Author: ChunYuan Hsu
University of Michigan
Ann Arbor, MI, USA
[email protected]

I. LIFTING

Our work focuses on Infrastructure-as-Code (IaC) lifting, a process that converts existing cloud deployments (brownfield infrastructure) into declarative IaC programs such as Terraform. While IaC tools are well designed for forward deployment, lifting is inherently challenging due to the semantic gap between low-level cloud states and high-level IaC abstractions.

In this project, we study practical IaC lifting by mapping cloud-provider-specific JSON representations to Terraform resource blocks, attributes, and dependencies, with a primary emphasis on Azure infrastructure. We systematically analyze lifting challenges including non-1:1 resource mappings, nested resources, missing or redundant JSON fields, implicit dependencies, and attribute normalization.

Using extensive real-world examples—such as virtual machines, DNS, CDN, Kubernetes, and AI services—we categorize lifting scenarios into distinct structural cases. Both cloud states and Terraform configurations are modeled as graphs, where nodes represent resources and edges represent dependencies or references. Based on these graph representations, we derive mapping rules that translate cloud nodes and edges into Terraform resource blocks and inter-resource references.

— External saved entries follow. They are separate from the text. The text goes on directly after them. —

lemma alg_cost_ge_expected_hitting_cost:
  assumes N: "seminorm N" and a: "0 \<le> a"
    and nonneg: "\<And>w t. w \<in> space M \<Longrightarrow> t < length cs \<Longrightarrow> 0 \<le> (cs ! t) (A w (take t cs))"
    and int: "\<And>t. t < length cs \<Longrightarrow> integrable M (\<lambda>w. (cs ! t) (A w (take t cs)))"
  shows "ereal (\<Sum>t<length cs. \<integral>w. (cs ! t) (A w (take t cs)) \<partial>M) \<le> alg_cost N a M A cs"
proof -
  define H where "H w = (\<Sum>t<length cs. (cs ! t) (A w (take t cs)))" for w
  have H_int: "integrable M H"
    unfolding H_def by (intro Bochner_Integration.integrable_sum) (use int in auto)
  have H_nonneg: "AE w in M. 0 \<le> H w"
    unfolding H_def using nonneg by (intro AE_I2 sum_nonneg) auto
  have "ennreal (\<integral>w. H w \<partial>M) = (\<integral>\<^sup>+ w. ennreal (H w) \<partial>M)"
    using nn_integral_eq_integral[OF H_int H_nonneg] by simp
  also have "\<dots> \<le> (\<integral>\<^sup>+ w. ennreal (path_cost N a cs (\<lambda>t. A w (take t cs))) \<partial>M)"
    unfolding H_def by (intro nn_integral_mono ennreal_leI path_cost_ge_hitting_cost N a)
  finally have "enn2ereal (ennreal (\<integral>w. H w \<partial>M)) \<le> alg_cost N a M A cs"
    unfolding alg_cost_def by (simp add: less_eq_ennreal.rep_eq)
  moreover have "(\<integral>w. H w \<partial>M) = (\<Sum>t<length cs. \<integral>w. (cs ! t) (A w (take t cs)) \<partial>M)"
    unfolding H_def using int by (intro Bochner_Integration.integral_sum) auto
  moreover have "0 \<le> (\<integral>w. H w \<partial>M)"
    using H_nonneg by (rule integral_nonneg_AE)
  ultimately show ?thesis by simp
qed

lemma OPT_d_nonneg:
  assumes "seminorm N" "0 \<le> a" "F \<noteq> {}" "\<forall>c\<in>set cs. \<forall>x\<in>F. 0 \<le> c x"
  shows "0 \<le> OPT_d N a F cs"
  unfolding OPT_d_def
proof (rule cINF_greatest)
  from \<open>F \<noteq> {}\<close> obtain x0 where "x0 \<in> F" by blast
  then show "{x. \<forall>t<length cs. x t \<in> F} \<noteq> {}" by auto
qed (use assms in \<open>auto intro!: path_cost_nonneg\<close>)

lemma OPT_d_le_path_cost:
  assumes "seminorm N" "0 \<le> a" "\<forall>c\<in>set cs. \<forall>x\<in>F. 0 \<le> c x" "\<And>t. t < length cs \<Longrightarrow> y t \<in> F"
  shows "OPT_d N a F cs \<le> path_cost N a cs y"
  unfolding OPT_d_def
proof (rule cINF_lower)
  show "bdd_below (path_cost N a cs ` {x. \<forall>t<length cs. x t \<in> F})"
    using assms by (intro bdd_belowI[of _ 0]) (auto intro!: path_cost_nonneg)
qed (use assms in auto)

lemma CR_ge_eventually_if_linear_gap:
  fixes \<gamma> D b :: real
  assumes "0 < \<gamma>" "\<gamma> * D + 1 \<le> b"
    and gap: "\<And>T. \<exists>cs\<in>seqs C T. 0 \<le> OPT_d N a F cs \<and> OPT_d N a F cs \<le> D * T
                                   \<and> ereal (b * T) \<le> alg_cost N 1 M A cs"
  shows "CR_ge_eventually N a F M A C \<gamma>"
  unfolding CR_ge_eventually_def
proof
  fix K :: real
  show "\<exists>T0. \<forall>T\<ge>T0. \<forall>\<rho><\<gamma>. \<exists>cs\<in>seqs C T.
          ereal (\<rho> * OPT_d N a F cs + K) < alg_cost N 1 M A cs"
  proof (intro exI[of _ "nat \<lceil>K\<rceil> + 1"] allI impI)
    fix \<rho> :: real and T :: nat
    assume T: "nat \<lceil>K\<rceil> + 1 \<le> T" and "\<rho> < \<gamma>"
    obtain cs where cs: "cs \<in> seqs C T" and O: "0 \<le> OPT_d N a F cs" "OPT_d N a F cs \<le> D * T"
      and alg: "ereal (b * T) \<le> alg_cost N 1 M A cs"
      using gap by blast
    have "\<rho> * OPT_d N a F cs \<le> \<gamma> * (D * T)"
      using \<open>\<rho> < \<gamma>\<close> \<open>0 < \<gamma>\<close> O by (meson less_imp_le mult_left_mono mult_right_mono order_trans)
    moreover have "K < T" "(\<gamma> * D + 1) * T \<le> b * T"
      using T assms(2) by (linarith, simp add: mult_right_mono)
    ultimately have "ereal (\<rho> * OPT_d N a F cs + K) < ereal (b * T)"
      by (simp add: algebra_simps)
    with alg cs show "\<exists>cs\<in>seqs C T. ereal (\<rho> * OPT_d N a F cs + K) < alg_cost N 1 M A cs"
      by (meson order_less_le_trans)
  qed
qed
lemma completely_regular_space_if_open_cover:
  assumes "regular_space X"
    and "\<And>x. x \<in> topspace X \<Longrightarrow>
           \<exists>Y. openin X Y \<and> x \<in> Y \<and> completely_regular_space (subtopology X Y)"
  shows "completely_regular_space X"
  unfolding completely_regular_space_alt'
proof (intro allI impI)
  fix S x assume S: "openin X S" "x \<in> S"
  then have "x \<in> topspace X"
    using openin_subset by blast
  then obtain Y where Y: "openin X Y" "x \<in> Y" "completely_regular_space (subtopology X Y)"
    using assms(2) by blast
  have "closedin X (topspace X - S \<inter> Y) \<and> x \<in> topspace X - (topspace X - S \<inter> Y)"
    using S Y \<open>x \<in> topspace X\<close> by (simp add: closedin_diff openin_Int)
  then obtain W where W: "openin X W" "x \<in> W" "disjnt (topspace X - S \<inter> Y) (X closure_of W)"
    using assms(1)[unfolded regular_space, rule_format] by blast
  have clW: "X closure_of W \<subseteq> S \<inter> Y"
    using W(3) closure_of_subset_topspace by (fastforce simp: disjnt_iff)
  have W_closure: "W \<subseteq> X closure_of W"
    by (simp add: W(1) closure_of_subset openin_subset)
  have "openin (subtopology X Y) W"
    using W(1) Y(1) W_closure clW by (auto simp: openin_open_subtopology)
  then obtain g where g: "continuous_map (subtopology X Y) euclideanreal g" "g x = 0"
      "g ` (topspace (subtopology X Y) - W) \<subseteq> {1}"
    using Y(3) W(2) unfolding completely_regular_space_alt' by blast
  define f where "f y = (if y \<in> Y then g y else 1)" for y
  let ?T = "\<lambda>b. if b then Y else topspace X - X closure_of W"
  have "continuous_map X euclideanreal f"
  proof (rule pasting_lemma[where I = UNIV and T = ?T and f = "\<lambda>b. if b then g else (\<lambda>_. 1)"])
    show "openin X (?T b)" for b
      using Y(1) by auto
    show "continuous_map (subtopology X (?T b)) euclideanreal (if b then g else (\<lambda>_. 1))" for b
      using g(1) by auto
    show "(if b then g else (\<lambda>_. 1)) y = (if c then g else (\<lambda>_. 1)) y"
      if "y \<in> topspace X \<inter> ?T b \<inter> ?T c" for b c y
      \<comment> \<open>the overlap lies in \<open>Y - W\<close>, where \<open>g\<close> is already \<open>1\<close>\<close>
      using that g(3) W_closure by (fastforce simp: image_subset_iff)
    show "\<exists>b. b \<in> UNIV \<and> y \<in> ?T b \<and> f y = (if b then g else (\<lambda>_. 1)) y"
      if "y \<in> topspace X" for y
      using that clW by (auto simp: f_def)
  qed
  moreover have "f x = 0"
    using Y(2) g(2) by (simp add: f_def)
  moreover have "f ` (topspace X - S) \<subseteq> {1}"
    using clW W_closure g(3) by (auto simp: f_def)
  ultimately show "\<exists>f. continuous_map X euclideanreal f \<and> f x = 0 \<and> f ` (topspace X - S) \<subseteq> {1}"
    by blast
qed
(* Let $\mathcal K$ be an abstract Krivine structure and $\mathcal A_{\mathcal K\bullet}=(\mathcal P_\bullet(\Pi),\circ_\bullet,\to_\bullet,\supseteq,\mathsf k_\bullet,\mathsf s_\bullet,\Phi)$ the associated full adjunction implicative ordered combinatory algebra. Then the indexed preorders $\mathbf P_\bullet(\mathcal K)$ and $\mathbf P(\mathcal A_{\mathcal K\bullet})$ are isomorphic; namely, for every set $I$ and all $\varphi,\psi:I\to\mathcal P_\bullet(\Pi)$: there is $t\in\mathrm{QP}$ with $t\perp\varphi(i)\to_\bullet\psi(i)$ for all $i\in I$ if and only if there is $r\in\Phi$ with $r\circ_\bullet\varphi(i)\supseteq\psi(i)$ for all $i\in I$.
   Context: An abstract Krivine structure $\mathcal K$ consists of sets $\Lambda,\Pi$, a relation $\perp\subseteq\Lambda\times\Pi$ ($t\perp P$ means $t\perp\pi$ for all $\pi\in P$), a map $\mathrm{push}$ written $t\cdot\pi$ (associating to the right), an application $ts$ on $\Lambda$ (associating to the left), a subset $\mathrm{QP}\subseteq\Lambda$ closed under application, and $\mathsf K,\mathsf S\in\mathrm{QP}$ with: $t\perp s\cdot\pi\Rightarrow ts\perp\pi$; $t\perp\pi\Rightarrow\mathsf K\perp t\cdot s\cdot\pi$; $tu(su)\perp\pi\Rightarrow\mathsf S\perp t\cdot s\cdot u\cdot\pi$. Polars: $L^\perp=\{\pi:\forall t\in L,\ t\perp\pi\}$, ${}^\perp P=\{t:\forall\pi\in P,\ t\perp\pi\}$; $\overline P=({}^\perp P)^\perp$; $\widehat P=\bigcup_{\pi\in P}\overline{\{\pi\}}$; $\mathcal P_\bullet(\Pi)=\{P:\widehat P=P\}$. $P\to_\bullet Q=\widehat{\{t\cdot\pi:t\in{}^\perp P,\pi\in Q\}}$; $P\circ_\bullet Q=\{\pi:t\cdot\pi'\in P\ \forall t\in{}^\perp Q,\ \pi'\in\overline{\{\pi\}}\}$; $\mathsf E=\mathsf S(\mathsf K(\mathsf S\mathsf K\mathsf K))$, $\mathsf B=\mathsf S(\mathsf K\mathsf S)\mathsf K$, $\mathsf k_\bullet=\{\mathsf E\mathsf K\}^\perp$, $\mathsf s_\bullet=\{\mathsf E((\mathsf B\mathsf E)\mathsf S)\}^\perp$, $\Phi=\{P\in\mathcal P_\bullet(\Pi):\exists t\in\mathrm{QP},\ t\perp P\}$. $\mathbf P_\bullet(\mathcal K)$ is the functor $\mathbf{Set}^{op}\to\mathbf{Ord}$, $I\mapsto(\mathcal P_\bullet(\Pi)^I,\vdash)$ with $\varphi\vdash\psi$ iff $\exists t\in\mathrm{QP}\ \forall i,\ t\perp\varphi(i)\to_\bullet\psi(i)$, and $f\mapsto(\varphi\mapsto\varphi\circ f)$. For an ordered combinatory algebra $\mathcal A$ with carrier $A$, order $\le$ and filter $\Phi$, $\mathbf P(\mathcal A)$ is $I\mapsto(A^I,\vdash)$ with $\varphi\vdash\psi$ iff $\exists r\in\Phi\ \forall i,\ r\varphi(i)\le\psi(i)$, and $f\mapsto(\varphi\mapsto\varphi\circ f)$; for $\mathcal A_{\mathcal K\bullet}$, $\le$ is $\supseteq$ and application is $\circ_\bullet$. *)

theory Defs
  imports Main
begin

text \<open>Abstract Krivine structure: terms of type 't (Lambda), stacks of type 'p (Pi).
  perp t pi is t orthogonal to pi, push t pi is t . pi, app t s is ts.\<close>

locale krivine_structure =
  fixes perp :: "'t \<Rightarrow> 'p \<Rightarrow> bool"
    and push :: "'t \<Rightarrow> 'p \<Rightarrow> 'p"
    and app :: "'t \<Rightarrow> 't \<Rightarrow> 't"
    and QP :: "'t set"
    and K :: 't and S :: 't
  assumes QP_app: "t \<in> QP \<Longrightarrow> s \<in> QP \<Longrightarrow> app t s \<in> QP"
    and K_QP: "K \<in> QP" and S_QP: "S \<in> QP"
    and perp_app: "perp t (push s \<pi>) \<Longrightarrow> perp (app t s) \<pi>"
    and perp_K: "perp t \<pi> \<Longrightarrow> perp K (push t (push s \<pi>))"
    and perp_S: "perp (app (app t u) (app s u)) \<pi> \<Longrightarrow> perp S (push t (push s (push u \<pi>)))"

definition polL :: "('t \<Rightarrow> 'p \<Rightarrow> bool) \<Rightarrow> 't set \<Rightarrow> 'p set" where
  "polL perp L = {\<pi>. \<forall>t\<in>L. perp t \<pi>}"

definition polR :: "('t \<Rightarrow> 'p \<Rightarrow> bool) \<Rightarrow> 'p set \<Rightarrow> 't set" where
  "polR perp P = {t. \<forall>\<pi>\<in>P. perp t \<pi>}"

definition bclosure :: "('t \<Rightarrow> 'p \<Rightarrow> bool) \<Rightarrow> 'p set \<Rightarrow> 'p set" where
  "bclosure perp P = polL perp (polR perp P)"

definition bhat :: "('t \<Rightarrow> 'p \<Rightarrow> bool) \<Rightarrow> 'p set \<Rightarrow> 'p set" where
  "bhat perp P = (\<Union>\<pi>\<in>P. bclosure perp {\<pi>})"

definition Pbul :: "('t \<Rightarrow> 'p \<Rightarrow> bool) \<Rightarrow> 'p set set" where
  "Pbul perp = {P. bhat perp P = P}"

definition arr_bul :: "('t \<Rightarrow> 'p \<Rightarrow> bool) \<Rightarrow> ('t \<Rightarrow> 'p \<Rightarrow> 'p) \<Rightarrow> 'p set \<Rightarrow> 'p set \<Rightarrow> 'p set" where
  "arr_bul perp push P Q = bhat perp {push t \<pi> | t \<pi>. t \<in> polR perp P \<and> \<pi> \<in> Q}"

definition app_bul :: "('t \<Rightarrow> 'p \<Rightarrow> bool) \<Rightarrow> ('t \<Rightarrow> 'p \<Rightarrow> 'p) \<Rightarrow> 'p set \<Rightarrow> 'p set \<Rightarrow> 'p set" where
  "app_bul perp push P Q = {\<pi>. \<forall>t\<in>polR perp Q. \<forall>\<pi>'\<in>bclosure perp {\<pi>}. push t \<pi>' \<in> P}"

definition Phi_bul :: "('t \<Rightarrow> 'p \<Rightarrow> bool) \<Rightarrow> 't set \<Rightarrow> 'p set set" where
  "Phi_bul perp QP = {P \<in> Pbul perp. \<exists>t\<in>QP. \<forall>\<pi>\<in>P. perp t \<pi>}"

definition combE :: "('t \<Rightarrow> 't \<Rightarrow> 't) \<Rightarrow> 't \<Rightarrow> 't \<Rightarrow> 't" where
  "combE app K S = app S (app K (app (app S K) K))"
definition combB :: "('t \<Rightarrow> 't \<Rightarrow> 't) \<Rightarrow> 't \<Rightarrow> 't \<Rightarrow> 't" where
  "combB app K S = app (app S (app K S)) K"
definition k_bul :: "('t \<Rightarrow> 'p \<Rightarrow> bool) \<Rightarrow> ('t \<Rightarrow> 't \<Rightarrow> 't) \<Rightarrow> 't \<Rightarrow> 't \<Rightarrow> 'p set" where
  "k_bul perp app K S = polL perp {app (combE app K S) K}"
definition s_bul :: "('t \<Rightarrow> 'p \<Rightarrow> bool) \<Rightarrow> ('t \<Rightarrow> 't \<Rightarrow> 't) \<Rightarrow> 't \<Rightarrow> 't \<Rightarrow> 'p set" where
  "s_bul perp app K S = polL perp {app (combE app K S) (app (app (combB app K S) (combE app K S)) S)}"

end

theory Submission
  imports Defs
begin

text \<open>Both sides say that the sets \<open>\<phi> i \<rightarrow>\<^sub>\<bullet> \<psi> i\<close> lie in a common realized set of stacks:
  on the left that set is \<open>{t}\<^sup>\<perp>\<close>, on the right it is \<open>r\<close> itself. This is because, for
  \<open>\<bullet>\<close>-closed \<open>Q\<close> and \<open>r\<close>, the two operations are adjoint: \<open>P \<rightarrow>\<^sub>\<bullet> Q \<subseteq> r\<close> iff
  \<open>Q \<subseteq> r \<circ>\<^sub>\<bullet> P\<close>.\<close>

lemma mem_bclosure_self: "\<pi> \<in> bclosure perp {\<pi>}"
  by (auto simp: bclosure_def polL_def polR_def)

lemma subset_bhat: "X \<subseteq> bhat perp X"
  using mem_bclosure_self by (fastforce simp: bhat_def)

lemma bhat_mono: "X \<subseteq> Y \<Longrightarrow> bhat perp X \<subseteq> bhat perp Y"
  by (auto simp: bhat_def)

lemma Pbul_bclosure_closed:
  "P \<in> Pbul perp \<Longrightarrow> \<pi> \<in> P \<Longrightarrow> \<pi>' \<in> bclosure perp {\<pi>} \<Longrightarrow> \<pi>' \<in> P"
  unfolding Pbul_def bhat_def by blast

lemma bhat_least_Pbul: "X \<subseteq> P \<Longrightarrow> P \<in> Pbul perp \<Longrightarrow> bhat perp X \<subseteq> P"
  using bhat_mono[of X P perp] by (simp add: Pbul_def)

lemma polL_in_Pbul: "polL perp L \<in> Pbul perp"
proof -
  have "bhat perp (polL perp L) \<subseteq> polL perp L"
    by (auto simp: bhat_def bclosure_def polL_def polR_def)
  then show ?thesis
    using subset_bhat[of "polL perp L" perp] by (simp add: Pbul_def)
qed

lemma polL_singleton_in_Phi_bul: "t \<in> QP \<Longrightarrow> polL perp {t} \<in> Phi_bul perp QP"
  using polL_in_Pbul[of perp "{t}"] by (auto simp: Phi_bul_def polL_def)

lemma subset_polL_singleton_iff: "X \<subseteq> polL perp {t} \<longleftrightarrow> (\<forall>\<pi>\<in>X. perp t \<pi>)"
  by (auto simp: polL_def)

lemma arr_bul_subset_iff_subset_app_bul:
  assumes "Q \<in> Pbul perp" and "r \<in> Pbul perp"
  shows "arr_bul perp push P Q \<subseteq> r \<longleftrightarrow> Q \<subseteq> app_bul perp push r P"
proof
  assume arr: "arr_bul perp push P Q \<subseteq> r"
  show "Q \<subseteq> app_bul perp push r P"
  proof (intro subsetI, unfold app_bul_def, intro CollectI ballI)
    fix \<pi> t \<pi>' assume "\<pi> \<in> Q" "t \<in> polR perp P" "\<pi>' \<in> bclosure perp {\<pi>}"
    then have "push t \<pi>' \<in> {push t \<pi> | t \<pi>. t \<in> polR perp P \<and> \<pi> \<in> Q}"
      using Pbul_bclosure_closed[OF assms(1)] by blast
    then have "push t \<pi>' \<in> arr_bul perp push P Q"
      unfolding arr_bul_def by (rule subsetD[OF subset_bhat])
    with arr show "push t \<pi>' \<in> r" ..
  qed
next
  assume app: "Q \<subseteq> app_bul perp push r P"
  have "{push t \<pi> | t \<pi>. t \<in> polR perp P \<and> \<pi> \<in> Q} \<subseteq> r"
  proof (intro subsetI, elim CollectE exE conjE)
    fix x t \<pi> assume "x = push t \<pi>" "t \<in> polR perp P" "\<pi> \<in> Q"
    with app show "x \<in> r"
      using mem_bclosure_self[of \<pi> perp] unfolding app_bul_def by auto
  qed
  then show "arr_bul perp push P Q \<subseteq> r"
    unfolding arr_bul_def using assms(2) by (rule bhat_least_Pbul)
qed

theorem mainTheorem16:
  fixes perp :: "'t \<Rightarrow> 'p \<Rightarrow> bool" and push :: "'t \<Rightarrow> 'p \<Rightarrow> 'p"
    and app :: "'t \<Rightarrow> 't \<Rightarrow> 't" and QP :: "'t set" and K S :: 't
    and I :: "'i set" and \<phi> \<psi> :: "'i \<Rightarrow> 'p set"
  assumes "krivine_structure perp push app QP K S"
    and "\<forall>i\<in>I. \<phi> i \<in> Pbul perp"
    and \<psi>: "\<forall>i\<in>I. \<psi> i \<in> Pbul perp"
  shows "(\<exists>t\<in>QP. \<forall>i\<in>I. \<forall>\<pi>\<in>arr_bul perp push (\<phi> i) (\<psi> i). perp t \<pi>)
     \<longleftrightarrow> (\<exists>r\<in>Phi_bul perp QP. \<forall>i\<in>I. \<psi> i \<subseteq> app_bul perp push r (\<phi> i))"
proof
  assume "\<exists>t\<in>QP. \<forall>i\<in>I. \<forall>\<pi>\<in>arr_bul perp push (\<phi> i) (\<psi> i). perp t \<pi>"
  then obtain t where t: "t \<in> QP"
    and arr: "\<And>i. i \<in> I \<Longrightarrow> arr_bul perp push (\<phi> i) (\<psi> i) \<subseteq> polL perp {t}"
    unfolding subset_polL_singleton_iff by blast
  have "\<psi> i \<subseteq> app_bul perp push (polL perp {t}) (\<phi> i)" if "i \<in> I" for i
    using arr_bul_subset_iff_subset_app_bul[OF _ polL_in_Pbul] \<psi> arr that by blast
  with polL_singleton_in_Phi_bul[OF t]
  show "\<exists>r\<in>Phi_bul perp QP. \<forall>i\<in>I. \<psi> i \<subseteq> app_bul perp push r (\<phi> i)" by blast
next
  assume "\<exists>r\<in>Phi_bul perp QP. \<forall>i\<in>I. \<psi> i \<subseteq> app_bul perp push r (\<phi> i)"
  then obtain r t where r: "r \<in> Pbul perp" and t: "t \<in> QP" and rt: "r \<subseteq> polL perp {t}"
    and app: "\<And>i. i \<in> I \<Longrightarrow> \<psi> i \<subseteq> app_bul perp push r (\<phi> i)"
    unfolding Phi_bul_def subset_polL_singleton_iff by blast
  have "arr_bul perp push (\<phi> i) (\<psi> i) \<subseteq> polL perp {t}" if "i \<in> I" for i
    using arr_bul_subset_iff_subset_app_bul[OF _ r] \<psi> app rt that by blast
  with t show "\<exists>t\<in>QP. \<forall>i\<in>I. \<forall>\<pi>\<in>arr_bul perp push (\<phi> i) (\<psi> i). perp t \<pi>"
    unfolding subset_polL_singleton_iff by blast
qed

end
lemma in_windows_after_pass_min:
  assumes W: "after_passes n p r E" and "1 \<le> p"
    and pass: "left_pass n (int r) (int p + int r) E E' m" and "in_windows n p r E"
  shows "m = r + 1"
proof -
  have m: "m \<in> {1..n+1}" "r < m"
    using after_pass_sites[OF W \<open>1 \<le> p\<close> pass] by blast+
  then have "r + 1 \<in> {1..n+1}"
    by simp
  moreover have "E (r + 1) \<le> int p + int r"
    using bspec[OF \<open>in_windows n p r E\<close>[unfolded in_windows_def], of "r + 1"] m by simp
  ultimately have "r + 1 \<in> block n E (int r) (int p + int r)"
    using after_passes_block[OF W] by simp
  then have "m \<le> r + 1"
    using pass unfolding left_pass_def by blast
  with m show ?thesis
    by simp
qed

lemma in_windows_iff_block:
  assumes W: "after_passes n p r E"
  shows "in_windows n p r E \<longleftrightarrow>
    (\<forall>c\<in>block n E (int r) (int p + int r). int p + int c - int n - 1 + int r \<le> E c) \<and>
    (\<forall>c\<in>{r+1..n+1} - block n E (int r) (int p + int r). E c \<le> int p + int c - 1)"
  (is "_ \<longleftrightarrow> ?rhs")
proof -
  let ?B = "block n E (int r) (int p + int r)"
  have B: "c \<in> ?B \<longleftrightarrow> r < c \<and> E c \<le> int p + int r" if "c \<in> {1..n+1}" for c
    using after_passes_block[OF W that] .
  have "?B \<subseteq> {r+1..n+1}"
    using after_passes_block_subset[OF W] .
  have "in_windows n p r E \<longleftrightarrow> (\<forall>i\<in>{r+1..n+1}. if i \<in> ?B
      then int p + int i - int n - 1 + int r \<le> E i else E i \<le> int p + int i - 1)"
    unfolding in_windows_def
  proof (rule ball_cong[OF refl])
    fix i
    assume "i \<in> {r+1..n+1}"
    then show "(int p + int i - int n - 1 + int r \<le> E i \<and> E i \<le> int p + int i - 1) \<longleftrightarrow>
        (if i \<in> ?B then int p + int i - int n - 1 + int r \<le> E i else E i \<le> int p + int i - 1)"
      using B[of i] by auto
  qed
  also have "\<dots> \<longleftrightarrow> ?rhs"
    using \<open>?B \<subseteq> {r+1..n+1}\<close> by auto
  finally show ?thesis .
qed

lemma in_windows_after_pass_iff_block:
  assumes W: "after_passes n p r E"
    and pass: "left_pass n (int r) (int p + int r) E E' (r + 1)"
  shows "in_windows n p (r + 1) E' \<longleftrightarrow>
    (\<forall>c\<in>block n E (int r) (int p + int r) - {r + 1}. int p + int c - int n - 1 + int r < E' c) \<and>
    (\<forall>c\<in>{r+1..n+1} - block n E (int r) (int p + int r). E c \<le> int p + int c - 1)"
  (is "_ \<longleftrightarrow> ?rhs")
proof -
  let ?B = "block n E (int r) (int p + int r)"
  have B: "c \<in> ?B \<longleftrightarrow> r < c \<and> E c \<le> int p + int r" if "c \<in> {1..n+1}" for c
    using after_passes_block[OF W that] .
  have "?B \<subseteq> {r+1..n+1}"
    using after_passes_block_subset[OF W] .
  have out: "\<forall>c\<in>{1..n+1} - ?B. E' c = E c" and "r + 1 \<in> ?B"
    and bij: "bij_betw E' (?B - {r + 1}) {int r + 2..int p + int r + 1}"
    using pass unfolding left_pass_def by blast+
  have "in_windows n p (r + 1) E' \<longleftrightarrow> (\<forall>i\<in>{r+1+1..n+1}. if i \<in> ?B
      then int p + int i - int n - 1 + int r < E' i else E i \<le> int p + int i - 1)"
    unfolding in_windows_def
  proof (rule ball_cong[OF refl])
    fix i
    assume i: "i \<in> {r+1+1..n+1}"
    show "(int p + int i - int n - 1 + int (r + 1) \<le> E' i \<and> E' i \<le> int p + int i - 1) \<longleftrightarrow>
        (if i \<in> ?B then int p + int i - int n - 1 + int r < E' i else E i \<le> int p + int i - 1)"
    proof (cases "i \<in> ?B")
      case True
      then have "E' i \<le> int p + int r + 1"
        using bij_betw_apply[OF bij, of i] i by auto
      with True i show ?thesis
        by auto
    next
      case False
      then show ?thesis
        using out B[of i] i by auto
    qed
  qed
  also have "\<dots> \<longleftrightarrow> ?rhs"
  proof -
    have "?B - {r + 1} = {r+1+1..n+1} \<inter> ?B"
      using \<open>?B \<subseteq> {r+1..n+1}\<close> by auto
    moreover have "{r+1..n+1} - ?B = {r+1+1..n+1} - ?B"
      using \<open>r + 1 \<in> ?B\<close> by (auto simp: le_less)
    ultimately show ?thesis
      by auto
  qed
  finally show ?thesis .
qed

Our lifting workflow incrementally improves output quality through multiple stages, including brute-force generation, documentation-guided refinement, forward learning of mapping rules from deployments, and program-level refactoring. Validation is performed using Terraform-native commands such as init, validate, and plan. Overall, this work emphasizes engineering feasibility, detailed case analysis, and rule extraction grounded in observed cloud behavior.

II. LILAC

Lilac is an existing research project that also targets the IaC lifting problem, aiming to build an automated, cloud-agnostic, and correctness-aware lifting system. Unlike ad-hoc or rule-based tools, Lilac seeks to generalize lifting across cloud providers by learning reusable lifting rules from forward IaC deployments.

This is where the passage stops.